## TASK DIRECTIONS
In this exercise, every entry is to be copied exactly.

================

text \<open>Since the humps \<open>h\<^sub>n\<close> have disjoint supports, \<open>\<parallel>\<Sum> a\<^sub>n h\<^sub>n\<parallel>\<^sub>p\<^sup>p = \<Sum> |a\<^sub>n|\<^sup>p \<parallel>h\<^sub>n\<parallel>\<^sub>p\<^sup>p\<close>, and the
  remainders only perturb this. Pointwise summability of the remainders makes \<open>\<Sum> a\<^sub>n g\<^sub>n\<close>
  converge everywhere, not just almost everywhere.\<close>

locale almost_disjoint_sequence =
  fixes p :: real and g :: "nat \<Rightarrow> real \<Rightarrow> real" and A :: "nat \<Rightarrow> real set"
  assumes p_pos: "p > 0"
    and measurable_g [measurable]: "\<And>n. g n \<in> borel_measurable lborel"
    and sets_A [measurable]: "\<And>n. A n \<in> sets lborel"
    and disjoint_A: "disjoint_family A"
    and hump_ge: "\<And>n. ennreal (1/2) \<le> Lp_norm_pow p (\<lambda>x. indicator (A n) x * g n x)"
    and hump_le: "\<And>n. Lp_norm_pow p (\<lambda>x. indicator (A n) x * g n x) \<le> 1"
    and remainder_le: "\<And>n. Lp_norm_pow p (\<lambda>x. indicator (-A n) x * g n x)
                         \<le> ennreal (perturbation_const p * dyadic_weight n powr p * dyadic_weight n)"
    and summable_remainder: "\<And>x. summable (\<lambda>n. \<bar>indicator (-A n) x * g n x\<bar>)"
begin

definition hump :: "nat \<Rightarrow> real \<Rightarrow> real" where
  "hump n x = indicator (A n) x * g n x"

definition remainder :: "nat \<Rightarrow> real \<Rightarrow> real" where
  "remainder n x = indicator (-A n) x * g n x"

definition embed :: "(nat \<Rightarrow> real) \<Rightarrow> real \<Rightarrow> real" where
  "embed a x = (\<Sum>n. a n * g n x)"

definition hump_series :: "(nat \<Rightarrow> real) \<Rightarrow> real \<Rightarrow> real" where
  "hump_series a x = (\<Sum>n. a n * hump n x)"

definition remainder_series :: "(nat \<Rightarrow> real) \<Rightarrow> real \<Rightarrow> real" where
  "remainder_series a x = (\<Sum>n. a n * remainder n x)"

lemma measurable_hump [measurable]: "hump n \<in> borel_measurable lborel"
  unfolding hump_def by measurable

lemma measurable_remainder [measurable]: "remainder n \<in> borel_measurable lborel"
  unfolding remainder_def by measurable

lemma measurable_embed [measurable]: "embed a \<in> borel_measurable lborel"
  unfolding embed_def by measurable

lemma measurable_hump_series [measurable]: "hump_series a \<in> borel_measurable lborel"
  unfolding hump_series_def by measurable

lemma measurable_remainder_series [measurable]: "remainder_series a \<in> borel_measurable lborel"
  unfolding remainder_series_def by measurable

lemma g_eq_hump_plus_remainder: "g n x = hump n x + remainder n x"
  by (simp add: hump_def remainder_def indicator_def)

lemma hump_eq_0_except: obtains m where "\<And>n. n \<noteq> m \<Longrightarrow> hump n x = 0"
proof (cases "\<exists>m. x \<in> A m")
  case True
  then obtain m where "x \<in> A m" by blast
  then have "x \<notin> A n" if "n \<noteq> m" for n
    using disjoint_A that unfolding disjoint_family_on_def by blast
  then show ?thesis
    using that[of m] by (simp add: hump_def)
qed (auto simp: hump_def)

lemma hump_series_sums: obtains m where "(\<lambda>n. a n * hump n x) sums (a m * hump m x)"
  "\<And>n. n \<noteq> m \<Longrightarrow> hump n x = 0"
proof -
  obtain m where m: "\<And>n. n \<noteq> m \<Longrightarrow> hump n x = 0"
    using hump_eq_0_except by blast
  then have "(\<lambda>n. a n * hump n x) = (\<lambda>n. if n = m then a m * hump m x else 0)"
    by auto
  then show ?thesis
    using that m sums_single[of m "\<lambda>_. a m * hump m x"] by simp
qed

lemma summable_remainder_series_abs:
  assumes "a \<in> lp_space p"
  shows "summable (\<lambda>n. \<bar>a n * remainder n x\<bar>)"
proof (rule summable_comparison_test')
  show "summable (\<lambda>n. lp_norm_pow p a powr (1/p) * \<bar>remainder n x\<bar>)"
    using summable_remainder[of x] by (intro summable_mult) (simp add: remainder_def)
  show "norm \<bar>a n * remainder n x\<bar> \<le> lp_norm_pow p a powr (1/p) * \<bar>remainder n x\<bar>" for n
    using lp_space_bounded[OF assms p_pos, of n] by (simp add: abs_mult mult_right_mono)
qed

lemma summable_embed:
  assumes "a \<in> lp_space p"
  shows "summable (\<lambda>n. a n * g n x)"
proof -
  obtain m where "(\<lambda>n. a n * hump n x) sums (a m * hump m x)"
    using hump_series_sums by blast
  then have "summable (\<lambda>n. a n * hump n x + a n * remainder n x)"
    using summable_rabs_cancel[OF summable_remainder_series_abs[OF assms]]
    by (intro summable_add) (auto simp: sums_iff)
  then show ?thesis
    by (simp add: g_eq_hump_plus_remainder distrib_left)
qed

================

## RESULT FOR THIS EXERCISE
text \<open>Since the humps \<open>h\<^sub>n\<close> have disjoint supports, \<open>\<parallel>\<Sum> a\<^sub>n h\<^sub>n\<parallel>\<^sub>p\<^sup>p = \<Sum> |a\<^sub>n|\<^sup>p \<parallel>h\<^sub>n\<parallel>\<^sub>p\<^sup>p\<close>, and the
  remainders only perturb this. Pointwise summability of the remainders makes \<open>\<Sum> a\<^sub>n g\<^sub>n\<close>
  converge everywhere, not just almost everywhere.\<close>

locale almost_disjoint_sequence =
  fixes p :: real and g :: "nat \<Rightarrow> real \<Rightarrow> real" and A :: "nat \<Rightarrow> real set"
  assumes p_pos: "p > 0"
    and measurable_g [measurable]: "\<And>n. g n \<in> borel_measurable lborel"
    and sets_A [measurable]: "\<And>n. A n \<in> sets lborel"
    and disjoint_A: "disjoint_family A"
    and hump_ge: "\<And>n. ennreal (1/2) \<le> Lp_norm_pow p (\<lambda>x. indicator (A n) x * g n x)"
    and hump_le: "\<And>n. Lp_norm_pow p (\<lambda>x. indicator (A n) x * g n x) \<le> 1"
    and remainder_le: "\<And>n. Lp_norm_pow p (\<lambda>x. indicator (-A n) x * g n x)
                         \<le> ennreal (perturbation_const p * dyadic_weight n powr p * dyadic_weight n)"
    and summable_remainder: "\<And>x. summable (\<lambda>n. \<bar>indicator (-A n) x * g n x\<bar>)"
begin

definition hump :: "nat \<Rightarrow> real \<Rightarrow> real" where
  "hump n x = indicator (A n) x * g n x"

definition remainder :: "nat \<Rightarrow> real \<Rightarrow> real" where
  "remainder n x = indicator (-A n) x * g n x"

definition embed :: "(nat \<Rightarrow> real) \<Rightarrow> real \<Rightarrow> real" where
  "embed a x = (\<Sum>n. a n * g n x)"

definition hump_series :: "(nat \<Rightarrow> real) \<Rightarrow> real \<Rightarrow> real" where
  "hump_series a x = (\<Sum>n. a n * hump n x)"

definition remainder_series :: "(nat \<Rightarrow> real) \<Rightarrow> real \<Rightarrow> real" where
  "remainder_series a x = (\<Sum>n. a n * remainder n x)"

lemma measurable_hump [measurable]: "hump n \<in> borel_measurable lborel"
  unfolding hump_def by measurable

lemma measurable_remainder [measurable]: "remainder n \<in> borel_measurable lborel"
  unfolding remainder_def by measurable

lemma measurable_embed [measurable]: "embed a \<in> borel_measurable lborel"
  unfolding embed_def by measurable

lemma measurable_hump_series [measurable]: "hump_series a \<in> borel_measurable lborel"
  unfolding hump_series_def by measurable

lemma measurable_remainder_series [measurable]: "remainder_series a \<in> borel_measurable lborel"
  unfolding remainder_series_def by measurable

lemma g_eq_hump_plus_remainder: "g n x = hump n x + remainder n x"
  by (simp add: hump_def remainder_def indicator_def)

lemma hump_eq_0_except: obtains m where "\<And>n. n \<noteq> m \<Longrightarrow> hump n x = 0"
proof (cases "\<exists>m. x \<in> A m")
  case True
  then obtain m where "x \<in> A m" by blast
  then have "x \<notin> A n" if "n \<noteq> m" for n
    using disjoint_A that unfolding disjoint_family_on_def by blast
  then show ?thesis
    using that[of m] by (simp add: hump_def)
qed (auto simp: hump_def)

lemma hump_series_sums: obtains m where "(\<lambda>n. a n * hump n x) sums (a m * hump m x)"
  "\<And>n. n \<noteq> m \<Longrightarrow> hump n x = 0"
proof -
  obtain m where m: "\<And>n. n \<noteq> m \<Longrightarrow> hump n x = 0"
    using hump_eq_0_except by blast
  then have "(\<lambda>n. a n * hump n x) = (\<lambda>n. if n = m then a m * hump m x else 0)"
    by auto
  then show ?thesis
    using that m sums_single[of m "\<lambda>_. a m * hump m x"] by simp
qed

lemma summable_remainder_series_abs:
  assumes "a \<in> lp_space p"
  shows "summable (\<lambda>n. \<bar>a n * remainder n x\<bar>)"
proof (rule summable_comparison_test')
  show "summable (\<lambda>n. lp_norm_pow p a powr (1/p) * \<bar>remainder n x\<bar>)"
    using summable_remainder[of x] by (intro summable_mult) (simp add: remainder_def)
  show "norm \<bar>a n * remainder n x\<bar> \<le> lp_norm_pow p a powr (1/p) * \<bar>remainder n x\<bar>" for n
    using lp_space_bounded[OF assms p_pos, of n] by (simp add: abs_mult mult_right_mono)
qed

lemma summable_embed:
  assumes "a \<in> lp_space p"
  shows "summable (\<lambda>n. a n * g n x)"
proof -
  obtain m where "(\<lambda>n. a n * hump n x) sums (a m * hump m x)"
    using hump_series_sums by blast
  then have "summable (\<lambda>n. a n * hump n x + a n * remainder n x)"
    using summable_rabs_cancel[OF summable_remainder_series_abs[OF assms]]
    by (intro summable_add) (auto simp: sums_iff)
  then show ?thesis
    by (simp add: g_eq_hump_plus_remainder distrib_left)
qed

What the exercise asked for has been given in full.